[Stored items]
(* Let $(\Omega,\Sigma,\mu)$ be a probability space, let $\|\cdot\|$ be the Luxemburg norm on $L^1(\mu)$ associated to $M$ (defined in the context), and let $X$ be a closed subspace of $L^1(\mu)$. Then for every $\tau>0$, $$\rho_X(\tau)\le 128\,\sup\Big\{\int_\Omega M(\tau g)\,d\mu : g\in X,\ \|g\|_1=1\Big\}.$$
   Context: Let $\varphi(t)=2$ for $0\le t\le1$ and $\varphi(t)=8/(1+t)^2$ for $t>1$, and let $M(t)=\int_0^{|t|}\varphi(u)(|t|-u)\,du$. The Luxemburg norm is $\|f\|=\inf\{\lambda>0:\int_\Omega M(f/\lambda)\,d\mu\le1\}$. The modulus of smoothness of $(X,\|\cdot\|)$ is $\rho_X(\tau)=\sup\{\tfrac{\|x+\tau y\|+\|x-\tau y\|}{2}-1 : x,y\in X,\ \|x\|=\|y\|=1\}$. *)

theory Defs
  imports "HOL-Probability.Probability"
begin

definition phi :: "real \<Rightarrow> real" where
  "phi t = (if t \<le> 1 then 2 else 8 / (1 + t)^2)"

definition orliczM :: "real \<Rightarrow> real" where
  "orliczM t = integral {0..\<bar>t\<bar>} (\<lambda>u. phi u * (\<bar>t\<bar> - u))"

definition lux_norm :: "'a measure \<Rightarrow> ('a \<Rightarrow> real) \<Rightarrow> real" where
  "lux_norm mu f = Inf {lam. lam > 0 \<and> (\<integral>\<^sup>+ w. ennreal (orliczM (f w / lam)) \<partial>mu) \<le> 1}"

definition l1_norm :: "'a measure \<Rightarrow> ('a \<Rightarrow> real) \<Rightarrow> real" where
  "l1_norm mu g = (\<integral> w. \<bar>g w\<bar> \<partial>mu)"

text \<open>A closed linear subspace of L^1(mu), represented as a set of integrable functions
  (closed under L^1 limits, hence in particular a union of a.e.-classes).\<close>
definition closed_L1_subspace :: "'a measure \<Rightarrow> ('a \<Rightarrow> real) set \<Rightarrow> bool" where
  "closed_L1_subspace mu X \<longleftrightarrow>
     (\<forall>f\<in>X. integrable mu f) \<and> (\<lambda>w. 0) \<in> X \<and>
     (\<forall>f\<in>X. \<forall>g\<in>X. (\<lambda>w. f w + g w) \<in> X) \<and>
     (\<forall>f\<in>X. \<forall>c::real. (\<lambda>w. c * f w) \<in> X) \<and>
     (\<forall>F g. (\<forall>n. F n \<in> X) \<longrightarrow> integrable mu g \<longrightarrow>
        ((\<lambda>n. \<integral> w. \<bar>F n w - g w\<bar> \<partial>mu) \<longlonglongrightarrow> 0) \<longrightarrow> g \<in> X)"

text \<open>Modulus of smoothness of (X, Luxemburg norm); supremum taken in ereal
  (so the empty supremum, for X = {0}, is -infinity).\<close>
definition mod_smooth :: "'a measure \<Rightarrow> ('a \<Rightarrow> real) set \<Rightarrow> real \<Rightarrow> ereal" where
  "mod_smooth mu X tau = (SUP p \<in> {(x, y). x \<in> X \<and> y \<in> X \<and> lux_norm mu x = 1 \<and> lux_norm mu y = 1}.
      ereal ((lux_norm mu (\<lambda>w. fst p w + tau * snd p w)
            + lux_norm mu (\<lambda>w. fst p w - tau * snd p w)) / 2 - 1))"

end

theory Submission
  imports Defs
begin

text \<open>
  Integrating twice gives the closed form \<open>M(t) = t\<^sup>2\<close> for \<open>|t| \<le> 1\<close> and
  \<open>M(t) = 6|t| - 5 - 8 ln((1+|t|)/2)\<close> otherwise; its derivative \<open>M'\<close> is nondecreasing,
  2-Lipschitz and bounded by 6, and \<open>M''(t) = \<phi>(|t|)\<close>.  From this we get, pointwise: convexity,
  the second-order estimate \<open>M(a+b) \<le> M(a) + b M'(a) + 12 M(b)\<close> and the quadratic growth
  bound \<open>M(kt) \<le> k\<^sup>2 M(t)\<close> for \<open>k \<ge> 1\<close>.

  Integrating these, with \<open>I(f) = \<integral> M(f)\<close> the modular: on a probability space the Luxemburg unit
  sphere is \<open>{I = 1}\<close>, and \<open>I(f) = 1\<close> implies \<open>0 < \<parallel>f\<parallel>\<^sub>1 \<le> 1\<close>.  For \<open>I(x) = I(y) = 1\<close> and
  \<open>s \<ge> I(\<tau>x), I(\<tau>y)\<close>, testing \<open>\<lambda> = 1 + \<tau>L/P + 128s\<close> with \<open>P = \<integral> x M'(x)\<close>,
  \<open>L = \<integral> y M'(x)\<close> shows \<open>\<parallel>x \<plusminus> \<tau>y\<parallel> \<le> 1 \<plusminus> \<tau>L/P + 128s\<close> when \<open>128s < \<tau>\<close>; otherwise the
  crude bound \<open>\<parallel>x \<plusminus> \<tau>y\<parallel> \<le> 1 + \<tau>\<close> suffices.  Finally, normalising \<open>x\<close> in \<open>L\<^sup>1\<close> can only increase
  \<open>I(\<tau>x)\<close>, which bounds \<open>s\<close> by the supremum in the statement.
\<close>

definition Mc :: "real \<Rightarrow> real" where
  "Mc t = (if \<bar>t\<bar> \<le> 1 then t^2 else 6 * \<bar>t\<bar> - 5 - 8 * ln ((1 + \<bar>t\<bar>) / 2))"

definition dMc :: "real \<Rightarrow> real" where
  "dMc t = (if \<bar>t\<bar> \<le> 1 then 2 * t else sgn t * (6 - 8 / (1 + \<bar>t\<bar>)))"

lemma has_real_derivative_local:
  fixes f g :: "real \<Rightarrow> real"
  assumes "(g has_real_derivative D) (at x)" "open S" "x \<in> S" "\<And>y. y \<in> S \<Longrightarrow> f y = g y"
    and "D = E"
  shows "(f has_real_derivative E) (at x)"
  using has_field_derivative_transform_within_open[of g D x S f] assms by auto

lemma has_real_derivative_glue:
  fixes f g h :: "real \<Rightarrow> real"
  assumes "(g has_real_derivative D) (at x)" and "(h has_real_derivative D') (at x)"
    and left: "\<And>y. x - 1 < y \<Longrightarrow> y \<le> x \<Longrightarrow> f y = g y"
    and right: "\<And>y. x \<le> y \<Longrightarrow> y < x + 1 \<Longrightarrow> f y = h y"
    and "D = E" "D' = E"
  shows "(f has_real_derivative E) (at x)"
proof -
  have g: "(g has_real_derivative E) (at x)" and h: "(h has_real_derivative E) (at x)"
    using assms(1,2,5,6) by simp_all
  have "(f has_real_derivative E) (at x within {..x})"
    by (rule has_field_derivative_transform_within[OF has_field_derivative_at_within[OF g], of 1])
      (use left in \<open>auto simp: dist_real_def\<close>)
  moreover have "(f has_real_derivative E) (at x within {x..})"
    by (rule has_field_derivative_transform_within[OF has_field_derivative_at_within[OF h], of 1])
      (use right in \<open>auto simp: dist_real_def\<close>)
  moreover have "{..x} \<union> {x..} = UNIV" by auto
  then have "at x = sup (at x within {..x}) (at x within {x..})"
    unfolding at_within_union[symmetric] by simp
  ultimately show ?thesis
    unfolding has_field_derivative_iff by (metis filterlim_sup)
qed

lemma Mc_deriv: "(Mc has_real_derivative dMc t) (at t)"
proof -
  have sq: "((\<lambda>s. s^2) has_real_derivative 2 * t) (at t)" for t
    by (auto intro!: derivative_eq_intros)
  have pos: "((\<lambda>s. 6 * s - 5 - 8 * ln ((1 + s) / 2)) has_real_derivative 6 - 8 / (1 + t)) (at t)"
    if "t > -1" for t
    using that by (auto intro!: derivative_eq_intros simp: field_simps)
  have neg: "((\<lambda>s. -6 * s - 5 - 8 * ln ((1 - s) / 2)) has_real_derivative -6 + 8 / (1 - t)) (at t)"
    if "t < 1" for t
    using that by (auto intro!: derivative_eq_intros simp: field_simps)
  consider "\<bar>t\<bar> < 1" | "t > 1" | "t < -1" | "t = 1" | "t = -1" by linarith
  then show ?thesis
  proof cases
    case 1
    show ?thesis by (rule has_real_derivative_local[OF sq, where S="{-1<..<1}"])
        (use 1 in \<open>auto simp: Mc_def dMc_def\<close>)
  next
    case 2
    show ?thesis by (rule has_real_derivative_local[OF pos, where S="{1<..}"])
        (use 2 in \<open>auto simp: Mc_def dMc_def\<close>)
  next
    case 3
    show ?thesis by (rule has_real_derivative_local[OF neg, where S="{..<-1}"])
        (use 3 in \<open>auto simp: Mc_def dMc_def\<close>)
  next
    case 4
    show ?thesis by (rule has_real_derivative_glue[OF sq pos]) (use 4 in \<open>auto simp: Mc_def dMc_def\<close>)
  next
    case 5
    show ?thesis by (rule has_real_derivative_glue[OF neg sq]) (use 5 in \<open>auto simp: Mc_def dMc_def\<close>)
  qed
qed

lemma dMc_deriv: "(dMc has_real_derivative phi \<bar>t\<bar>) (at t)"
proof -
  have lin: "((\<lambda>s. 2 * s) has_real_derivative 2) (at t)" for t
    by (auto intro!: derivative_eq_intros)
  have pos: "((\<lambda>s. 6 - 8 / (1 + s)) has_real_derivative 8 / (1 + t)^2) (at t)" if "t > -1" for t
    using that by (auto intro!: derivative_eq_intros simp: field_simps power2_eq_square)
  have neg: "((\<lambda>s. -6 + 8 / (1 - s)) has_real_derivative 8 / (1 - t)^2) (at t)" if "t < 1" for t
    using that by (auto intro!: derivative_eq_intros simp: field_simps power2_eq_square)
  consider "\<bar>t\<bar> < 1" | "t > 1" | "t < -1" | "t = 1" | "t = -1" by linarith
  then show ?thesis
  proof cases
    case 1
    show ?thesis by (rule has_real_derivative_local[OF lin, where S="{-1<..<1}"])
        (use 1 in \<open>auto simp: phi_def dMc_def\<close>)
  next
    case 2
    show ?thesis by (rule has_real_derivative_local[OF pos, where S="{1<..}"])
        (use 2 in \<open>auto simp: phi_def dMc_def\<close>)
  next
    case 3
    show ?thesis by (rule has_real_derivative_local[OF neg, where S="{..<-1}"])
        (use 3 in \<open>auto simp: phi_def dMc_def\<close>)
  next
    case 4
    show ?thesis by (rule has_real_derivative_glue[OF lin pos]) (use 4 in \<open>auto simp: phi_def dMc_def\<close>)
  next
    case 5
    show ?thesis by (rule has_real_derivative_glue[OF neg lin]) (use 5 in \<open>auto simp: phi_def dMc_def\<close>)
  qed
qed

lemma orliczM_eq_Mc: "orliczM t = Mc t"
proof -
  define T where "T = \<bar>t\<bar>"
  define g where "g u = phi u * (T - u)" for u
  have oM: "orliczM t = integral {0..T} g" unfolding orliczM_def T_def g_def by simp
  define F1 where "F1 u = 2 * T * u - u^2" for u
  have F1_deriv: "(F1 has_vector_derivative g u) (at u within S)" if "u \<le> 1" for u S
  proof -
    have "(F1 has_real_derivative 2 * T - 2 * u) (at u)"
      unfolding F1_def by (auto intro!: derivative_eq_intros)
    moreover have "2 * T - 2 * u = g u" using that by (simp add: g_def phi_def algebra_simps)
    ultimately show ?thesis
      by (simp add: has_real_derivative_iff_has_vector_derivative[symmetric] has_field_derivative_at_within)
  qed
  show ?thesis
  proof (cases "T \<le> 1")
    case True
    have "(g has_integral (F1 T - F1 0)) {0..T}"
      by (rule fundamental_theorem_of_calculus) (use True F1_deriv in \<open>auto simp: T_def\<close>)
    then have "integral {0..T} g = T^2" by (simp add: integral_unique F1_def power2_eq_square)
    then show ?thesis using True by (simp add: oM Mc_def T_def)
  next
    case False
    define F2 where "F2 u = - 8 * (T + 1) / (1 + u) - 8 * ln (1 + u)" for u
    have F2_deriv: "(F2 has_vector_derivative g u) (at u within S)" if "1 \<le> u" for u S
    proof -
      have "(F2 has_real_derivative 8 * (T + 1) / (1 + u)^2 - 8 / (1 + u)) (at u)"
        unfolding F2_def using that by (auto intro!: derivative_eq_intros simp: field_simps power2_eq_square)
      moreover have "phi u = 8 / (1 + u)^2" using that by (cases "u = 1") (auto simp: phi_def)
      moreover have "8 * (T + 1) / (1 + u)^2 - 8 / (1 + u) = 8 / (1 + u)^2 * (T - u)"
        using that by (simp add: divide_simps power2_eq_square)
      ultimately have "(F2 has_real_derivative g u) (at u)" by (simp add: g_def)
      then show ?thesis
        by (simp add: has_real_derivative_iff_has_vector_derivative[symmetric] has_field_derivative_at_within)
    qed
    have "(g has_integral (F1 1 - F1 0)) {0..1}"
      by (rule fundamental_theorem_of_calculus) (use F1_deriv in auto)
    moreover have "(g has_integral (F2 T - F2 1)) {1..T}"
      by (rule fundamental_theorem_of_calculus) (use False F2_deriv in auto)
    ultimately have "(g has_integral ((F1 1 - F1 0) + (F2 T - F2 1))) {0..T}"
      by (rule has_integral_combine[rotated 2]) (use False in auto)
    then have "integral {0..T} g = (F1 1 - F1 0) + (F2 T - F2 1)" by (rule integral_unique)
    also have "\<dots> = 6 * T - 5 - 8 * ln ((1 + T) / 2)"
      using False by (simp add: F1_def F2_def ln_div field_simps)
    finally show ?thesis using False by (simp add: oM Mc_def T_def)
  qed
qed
==
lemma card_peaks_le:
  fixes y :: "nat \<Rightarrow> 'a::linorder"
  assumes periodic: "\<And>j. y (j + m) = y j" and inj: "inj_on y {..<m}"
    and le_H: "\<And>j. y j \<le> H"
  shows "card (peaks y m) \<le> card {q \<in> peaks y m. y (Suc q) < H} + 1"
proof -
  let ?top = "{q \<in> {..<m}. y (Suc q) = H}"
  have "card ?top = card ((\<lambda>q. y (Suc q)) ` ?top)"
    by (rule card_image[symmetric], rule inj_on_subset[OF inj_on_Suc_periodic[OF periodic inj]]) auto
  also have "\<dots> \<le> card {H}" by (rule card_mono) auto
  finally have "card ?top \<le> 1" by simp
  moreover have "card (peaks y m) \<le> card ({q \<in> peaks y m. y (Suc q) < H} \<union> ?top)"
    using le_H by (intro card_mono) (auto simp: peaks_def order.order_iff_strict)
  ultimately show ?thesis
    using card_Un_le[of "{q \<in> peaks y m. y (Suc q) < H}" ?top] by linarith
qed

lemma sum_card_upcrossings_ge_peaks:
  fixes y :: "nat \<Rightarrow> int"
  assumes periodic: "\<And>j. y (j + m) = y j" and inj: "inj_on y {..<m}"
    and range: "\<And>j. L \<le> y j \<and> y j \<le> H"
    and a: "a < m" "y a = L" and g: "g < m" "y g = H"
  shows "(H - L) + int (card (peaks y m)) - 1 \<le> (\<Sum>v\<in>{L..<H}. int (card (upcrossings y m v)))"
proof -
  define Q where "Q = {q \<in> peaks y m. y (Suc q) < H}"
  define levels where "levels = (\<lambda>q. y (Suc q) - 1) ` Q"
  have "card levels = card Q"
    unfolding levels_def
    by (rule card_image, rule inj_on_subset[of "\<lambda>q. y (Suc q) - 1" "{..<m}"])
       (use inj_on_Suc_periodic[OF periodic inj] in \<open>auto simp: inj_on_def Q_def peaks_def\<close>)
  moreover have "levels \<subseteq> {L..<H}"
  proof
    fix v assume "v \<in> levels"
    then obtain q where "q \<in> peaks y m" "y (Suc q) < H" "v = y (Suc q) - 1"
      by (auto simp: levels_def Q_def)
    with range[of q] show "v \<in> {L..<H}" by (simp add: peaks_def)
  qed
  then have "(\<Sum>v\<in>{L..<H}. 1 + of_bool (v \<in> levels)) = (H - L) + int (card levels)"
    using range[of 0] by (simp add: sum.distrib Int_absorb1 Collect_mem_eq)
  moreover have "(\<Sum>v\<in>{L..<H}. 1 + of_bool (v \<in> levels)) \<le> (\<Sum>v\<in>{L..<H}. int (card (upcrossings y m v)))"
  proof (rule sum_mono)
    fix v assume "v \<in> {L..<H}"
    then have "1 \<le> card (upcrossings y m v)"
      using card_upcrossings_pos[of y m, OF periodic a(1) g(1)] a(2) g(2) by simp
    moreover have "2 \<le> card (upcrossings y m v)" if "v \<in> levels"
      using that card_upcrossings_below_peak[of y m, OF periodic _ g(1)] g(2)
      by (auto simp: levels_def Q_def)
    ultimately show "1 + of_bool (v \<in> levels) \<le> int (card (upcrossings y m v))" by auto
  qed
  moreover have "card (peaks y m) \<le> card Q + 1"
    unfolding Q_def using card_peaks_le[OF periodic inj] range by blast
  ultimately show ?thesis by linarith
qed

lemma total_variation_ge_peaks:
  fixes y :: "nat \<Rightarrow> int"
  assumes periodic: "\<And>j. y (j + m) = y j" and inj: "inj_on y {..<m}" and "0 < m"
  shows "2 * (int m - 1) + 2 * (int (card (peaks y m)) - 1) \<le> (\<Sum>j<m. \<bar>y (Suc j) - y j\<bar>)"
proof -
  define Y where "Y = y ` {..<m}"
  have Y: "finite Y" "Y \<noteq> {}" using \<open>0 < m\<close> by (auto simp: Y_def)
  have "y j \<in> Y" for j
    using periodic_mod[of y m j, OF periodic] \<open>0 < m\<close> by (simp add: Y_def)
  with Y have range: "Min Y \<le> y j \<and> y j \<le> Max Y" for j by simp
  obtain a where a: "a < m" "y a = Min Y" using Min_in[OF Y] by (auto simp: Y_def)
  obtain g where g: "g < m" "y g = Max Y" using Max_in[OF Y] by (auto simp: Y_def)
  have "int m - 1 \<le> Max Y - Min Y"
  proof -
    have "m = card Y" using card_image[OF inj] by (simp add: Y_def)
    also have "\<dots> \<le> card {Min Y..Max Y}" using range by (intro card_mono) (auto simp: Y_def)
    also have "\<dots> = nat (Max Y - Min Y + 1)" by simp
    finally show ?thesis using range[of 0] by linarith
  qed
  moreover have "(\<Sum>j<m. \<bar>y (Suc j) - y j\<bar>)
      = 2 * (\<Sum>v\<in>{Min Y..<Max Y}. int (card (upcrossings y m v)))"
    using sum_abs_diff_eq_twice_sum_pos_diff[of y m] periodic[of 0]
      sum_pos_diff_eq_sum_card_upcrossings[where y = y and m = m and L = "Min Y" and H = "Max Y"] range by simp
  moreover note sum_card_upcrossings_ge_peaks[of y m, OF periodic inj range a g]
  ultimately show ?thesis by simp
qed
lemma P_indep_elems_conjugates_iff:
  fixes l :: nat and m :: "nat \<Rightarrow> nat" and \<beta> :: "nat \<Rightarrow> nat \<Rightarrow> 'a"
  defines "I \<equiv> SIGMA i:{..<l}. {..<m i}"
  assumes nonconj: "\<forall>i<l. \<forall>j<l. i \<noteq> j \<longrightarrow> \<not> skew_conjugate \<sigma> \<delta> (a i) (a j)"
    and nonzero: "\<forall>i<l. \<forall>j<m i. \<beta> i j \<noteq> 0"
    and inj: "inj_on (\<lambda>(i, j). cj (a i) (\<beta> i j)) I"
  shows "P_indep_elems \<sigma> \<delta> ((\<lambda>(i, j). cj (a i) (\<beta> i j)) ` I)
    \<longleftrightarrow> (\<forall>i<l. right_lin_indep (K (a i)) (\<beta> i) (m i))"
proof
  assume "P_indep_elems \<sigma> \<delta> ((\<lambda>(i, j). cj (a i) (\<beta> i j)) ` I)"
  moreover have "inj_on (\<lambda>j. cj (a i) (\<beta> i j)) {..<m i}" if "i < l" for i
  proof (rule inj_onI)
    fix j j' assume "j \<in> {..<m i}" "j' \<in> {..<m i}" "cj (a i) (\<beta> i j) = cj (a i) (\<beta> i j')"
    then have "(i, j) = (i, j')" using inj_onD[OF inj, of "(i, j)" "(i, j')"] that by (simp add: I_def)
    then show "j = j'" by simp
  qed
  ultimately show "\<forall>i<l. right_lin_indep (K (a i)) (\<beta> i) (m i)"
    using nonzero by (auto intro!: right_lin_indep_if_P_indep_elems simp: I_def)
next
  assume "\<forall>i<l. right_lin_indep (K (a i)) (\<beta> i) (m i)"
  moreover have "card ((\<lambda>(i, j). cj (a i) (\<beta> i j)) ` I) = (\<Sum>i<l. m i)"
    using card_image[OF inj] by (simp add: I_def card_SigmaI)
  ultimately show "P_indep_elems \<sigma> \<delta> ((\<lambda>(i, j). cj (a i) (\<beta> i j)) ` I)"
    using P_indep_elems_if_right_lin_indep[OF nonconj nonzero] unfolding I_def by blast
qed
---
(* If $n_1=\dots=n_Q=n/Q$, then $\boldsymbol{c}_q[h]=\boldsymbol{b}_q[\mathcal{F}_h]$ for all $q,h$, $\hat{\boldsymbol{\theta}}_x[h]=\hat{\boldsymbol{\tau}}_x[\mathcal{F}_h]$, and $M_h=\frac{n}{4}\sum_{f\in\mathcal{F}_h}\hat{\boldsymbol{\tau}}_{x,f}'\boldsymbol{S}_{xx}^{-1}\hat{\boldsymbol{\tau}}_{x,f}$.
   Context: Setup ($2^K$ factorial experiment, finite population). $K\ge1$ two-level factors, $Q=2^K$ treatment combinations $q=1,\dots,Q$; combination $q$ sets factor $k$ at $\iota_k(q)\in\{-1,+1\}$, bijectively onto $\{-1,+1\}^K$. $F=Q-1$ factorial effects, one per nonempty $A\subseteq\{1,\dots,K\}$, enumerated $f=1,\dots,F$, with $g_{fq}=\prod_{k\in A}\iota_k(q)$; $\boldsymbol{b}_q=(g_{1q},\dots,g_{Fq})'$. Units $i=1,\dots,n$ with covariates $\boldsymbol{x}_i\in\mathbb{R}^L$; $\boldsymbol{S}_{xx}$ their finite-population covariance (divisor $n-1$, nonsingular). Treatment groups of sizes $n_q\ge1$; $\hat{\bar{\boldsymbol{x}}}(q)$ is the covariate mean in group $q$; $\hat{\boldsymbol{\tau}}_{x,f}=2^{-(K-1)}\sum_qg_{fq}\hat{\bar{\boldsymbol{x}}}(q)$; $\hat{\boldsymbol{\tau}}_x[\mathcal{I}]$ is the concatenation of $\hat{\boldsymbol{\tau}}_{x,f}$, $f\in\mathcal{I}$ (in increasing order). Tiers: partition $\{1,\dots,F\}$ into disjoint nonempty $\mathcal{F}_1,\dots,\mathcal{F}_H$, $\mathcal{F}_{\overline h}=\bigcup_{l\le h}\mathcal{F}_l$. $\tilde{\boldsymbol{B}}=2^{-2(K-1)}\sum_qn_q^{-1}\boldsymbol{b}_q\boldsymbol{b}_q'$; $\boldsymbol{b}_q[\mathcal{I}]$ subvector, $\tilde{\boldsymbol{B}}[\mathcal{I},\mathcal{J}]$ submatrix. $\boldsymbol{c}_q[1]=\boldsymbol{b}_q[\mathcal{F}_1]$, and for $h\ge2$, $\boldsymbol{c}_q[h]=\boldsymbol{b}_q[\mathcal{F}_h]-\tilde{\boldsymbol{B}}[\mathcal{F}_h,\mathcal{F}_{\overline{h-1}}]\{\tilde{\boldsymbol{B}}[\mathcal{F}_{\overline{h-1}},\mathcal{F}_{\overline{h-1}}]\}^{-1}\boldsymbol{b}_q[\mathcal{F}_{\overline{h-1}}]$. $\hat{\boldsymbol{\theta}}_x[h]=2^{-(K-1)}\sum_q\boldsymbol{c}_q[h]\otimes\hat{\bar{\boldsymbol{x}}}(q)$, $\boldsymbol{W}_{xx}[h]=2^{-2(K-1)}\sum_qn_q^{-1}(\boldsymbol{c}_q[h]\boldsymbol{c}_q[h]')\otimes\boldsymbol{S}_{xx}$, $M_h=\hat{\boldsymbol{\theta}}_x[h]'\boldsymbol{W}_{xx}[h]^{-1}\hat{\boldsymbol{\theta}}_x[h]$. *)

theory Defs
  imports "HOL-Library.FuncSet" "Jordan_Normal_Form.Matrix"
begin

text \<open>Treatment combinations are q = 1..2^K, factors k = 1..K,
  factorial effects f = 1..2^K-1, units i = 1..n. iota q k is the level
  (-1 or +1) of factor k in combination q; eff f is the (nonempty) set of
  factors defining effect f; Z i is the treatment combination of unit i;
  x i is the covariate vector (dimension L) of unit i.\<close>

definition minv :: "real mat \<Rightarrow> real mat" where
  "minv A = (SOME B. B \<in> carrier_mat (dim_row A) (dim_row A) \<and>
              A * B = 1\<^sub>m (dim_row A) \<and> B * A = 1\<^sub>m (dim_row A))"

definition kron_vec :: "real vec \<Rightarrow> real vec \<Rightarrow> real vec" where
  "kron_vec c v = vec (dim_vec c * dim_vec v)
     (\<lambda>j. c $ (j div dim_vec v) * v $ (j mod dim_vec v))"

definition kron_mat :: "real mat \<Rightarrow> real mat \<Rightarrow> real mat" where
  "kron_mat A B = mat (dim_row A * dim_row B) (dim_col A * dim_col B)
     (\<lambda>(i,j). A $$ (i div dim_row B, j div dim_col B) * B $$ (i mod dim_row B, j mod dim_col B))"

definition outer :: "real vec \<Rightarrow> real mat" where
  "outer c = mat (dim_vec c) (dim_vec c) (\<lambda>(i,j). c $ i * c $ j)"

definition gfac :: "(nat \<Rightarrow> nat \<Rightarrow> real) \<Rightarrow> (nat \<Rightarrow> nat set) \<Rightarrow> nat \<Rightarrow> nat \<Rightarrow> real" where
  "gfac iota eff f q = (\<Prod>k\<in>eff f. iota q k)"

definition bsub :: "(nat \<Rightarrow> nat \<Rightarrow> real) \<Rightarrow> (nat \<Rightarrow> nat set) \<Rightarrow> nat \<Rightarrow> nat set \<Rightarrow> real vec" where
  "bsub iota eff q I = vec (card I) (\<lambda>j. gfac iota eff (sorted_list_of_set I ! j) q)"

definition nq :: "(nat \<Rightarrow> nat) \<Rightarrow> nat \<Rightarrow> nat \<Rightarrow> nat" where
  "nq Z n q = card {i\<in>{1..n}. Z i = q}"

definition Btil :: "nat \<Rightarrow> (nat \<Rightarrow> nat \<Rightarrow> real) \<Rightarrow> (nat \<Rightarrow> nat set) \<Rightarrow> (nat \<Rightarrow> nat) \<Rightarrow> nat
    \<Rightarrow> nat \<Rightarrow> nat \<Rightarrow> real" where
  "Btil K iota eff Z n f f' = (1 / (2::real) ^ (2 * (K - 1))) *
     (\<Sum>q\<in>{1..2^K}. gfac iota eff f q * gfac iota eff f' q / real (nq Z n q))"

Instructions to follow: The lines in the records above that include the word "gfac" must be copied out.

Response to the exercise:
definition gfac :: "(nat \<Rightarrow> nat \<Rightarrow> real) \<Rightarrow> (nat \<Rightarrow> nat set) \<Rightarrow> nat \<Rightarrow> nat \<Rightarrow> real" where
  "gfac iota eff f q = (\<Prod>k\<in>eff f. iota q k)"
  "bsub iota eff q I = vec (card I) (\<lambda>j. gfac iota eff (sorted_list_of_set I ! j) q)"
     (\<Sum>q\<in>{1..2^K}. gfac iota eff f q * gfac iota eff f' q / real (nq Z n q))"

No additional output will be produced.